Wednesday 1 April 2020

Secondhand bookshops

are dangerous places and I should not be allowed anywhere near one.
Now please don't misunderstand me. I love new books. I spend far too much money on new books. I like to think authors are getting at least a few cents or pence from me. Middle Cat says I would rather spend money on books than anything else. This is probably true - although I do sometimes buy yarn so that I can knit while I read...well, sort of.
But you never know what you might find in a secondhand book shop. There are books I would like to read which are long out of print and not to be found in libraries. I  have a mental list of authors in my head. I search for those on the shelves.
Our local charity shop, sadly closed for the moment, has an excellent secondhand book section. It is well organised - fiction in alphabetical order, non-fiction in subject categories. It is tidy. You can find things. I sometimes get books in there for the Senior Cat. Once in a while I will find something I have been searching for in there as well.
There are other secondhand book shops that are like that too. The books, mostly fairly modern paper backs, will be arranged in a similar way.  Yes, I can enjoy prowling the shelves. There you can find the latest "best seller" by an award winning author - obviously unread - or a political "autobiography" I happen to know was not written by the politician in question. There is "literary" fiction there - bought by people who think they "should" read something. It is obvious they have never got past the first few pages. You can find slim volumes of poetry - some good but most not - and self-published books on topics such as the sex life of one legged birds. All of them obviously read by very few, if any.
But it is the other sort of second hand book shop I really love - where the books are piled high, stacked at all sorts of angles into the shelves or on the floor and on the stools and chairs. The books will be old. The books will be out of print. They will have come from homes where they were loved. Their spines will be creased. You can find the occasional pressed flower. There will be the newspaper cutting announcing a birth or, more likely, a death.

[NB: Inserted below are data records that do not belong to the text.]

lemma edge_reach_UN_iff_boundary_steps:
  assumes a: "a \<in> (\<Union>i\<in>I. B i)" and b: "b \<in> (\<Union>i\<in>I. B i)"
  shows "edge_reach (\<Union>i\<in>I. T i) a b \<longleftrightarrow> boundary_step\<^sup>*\<^sup>* a b"
proof
  assume "edge_reach (\<Union>i\<in>I. T i) a b"
  from edge_reach_UN_boundary_walk[OF a this] obtain c where c: "boundary_step\<^sup>*\<^sup>* a c"
    "b = c \<or> (\<exists>i\<in>I. c \<in> B i \<and> edge_reach (T i) c b)" by blast
  from c(2) show "boundary_step\<^sup>*\<^sup>* a b"
  proof (elim disjE bexE conjE)
    fix i assume i: "i \<in> I" "c \<in> B i" "edge_reach (T i) c b"
    have "b \<in> B i"
      using b boundary_of_piece[OF i(1)] reach_in_piece[OF i(1,3)] i(2) by (cases "b = c") auto
    then have "boundary_step c b" using i unfolding boundary_step_def by blast
    then show ?thesis by (rule rtranclp.rtrancl_into_rtrancl[OF c(1)])
  qed (use c in simp)
next
  assume "boundary_step\<^sup>*\<^sup>* a b"
  then show "edge_reach (\<Union>i\<in>I. T i) a b"
  proof (induction rule: rtranclp_induct)
    case (step y z)
    then obtain i where "i \<in> I" "edge_reach (T i) y z" unfolding boundary_step_def by blast
    then have "edge_reach (\<Union>i\<in>I. T i) y z" by (auto elim: edge_reach_mono)
    then show ?case using step(3) edge_reach_trans by metis
  qed simp
qed

lemma edge_reach_UN_leave_piece:
  assumes i: "i \<in> I" and x: "x \<in> V i" and r: "edge_reach (\<Union>i\<in>I. T i) x y"
  shows "edge_reach (T i) x y \<or> (\<exists>b\<in>B i. edge_reach (T i) x b \<and> edge_reach (\<Union>j\<in>I. T j) b y)"
  using r[unfolded edge_reach_def]
proof (induction rule: rtranclp_induct)
  case (step y z)
  from step(2) obtain j where j: "j \<in> I" "{y, z} \<in> T j" by auto
  have yz: "y \<in> V j" "edge_reach (T j) y z" using j edges_in_piece edge_reach_edge by auto
  have yzU: "edge_reach (\<Union>j\<in>I. T j) y z" using j edge_reach_edge[of y z] by (auto elim: edge_reach_mono)
  from step(3) show ?case
  proof
    assume h: "edge_reach (T i) x y"
    show ?thesis
    proof (cases "j = i")
      case True then show ?thesis using h yz(2) edge_reach_trans by metis
    next
      case False
      have "y \<in> V i" using x reach_in_piece[OF i h] by (cases "x = y") auto
      then have "y \<in> B i" using pieces_meet_in_boundary[OF i j(1)] False yz(1) by blast
      then show ?thesis using h yzU by blast
    qed
  next
    assume "\<exists>b\<in>B i. edge_reach (T i) x b \<and> edge_reach (\<Union>j\<in>I. T j) b y"
    then show ?thesis using yzU edge_reach_trans by metis
  qed
qed simp

end

definition edge_image :: "('a \<Rightarrow> 'b) \<Rightarrow> 'a set set \<Rightarrow> 'b set set" where
  "edge_image f T = (\<lambda>e. f ` e) ` T"

lemma Union_edge_image: "\<Union>(edge_image f T) = f ` \<Union>T"
  unfolding edge_image_def by auto

lemma inj_image_eq_doubleton: "inj f \<Longrightarrow> f ` e = {f u, f v} \<Longrightarrow> e = {u, v}"
  by (metis image_empty image_insert inj_image_eq_iff)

There will be the letter or the recipe slipped between the pages of the most unlikely book. 
Such places are blessedly silent.
And the owner will look at you when you prowl in. They will give you a knowing nod and return to the book in their hands and leave you to go hunting alone. You understand each other perfectly. This isn't a "Can I help you?" sort of place. It is simply a place where readers, real readers, understand one another.
 

2 comments:

Holly said...

and we all miss the time, right now where puttering around in a bookstore would bring both comfort and a bit of quiet

jeanfromcornwall said...

You are describing my idea of heaven - apart from the few bins of second hand wool - stash remnants and the like.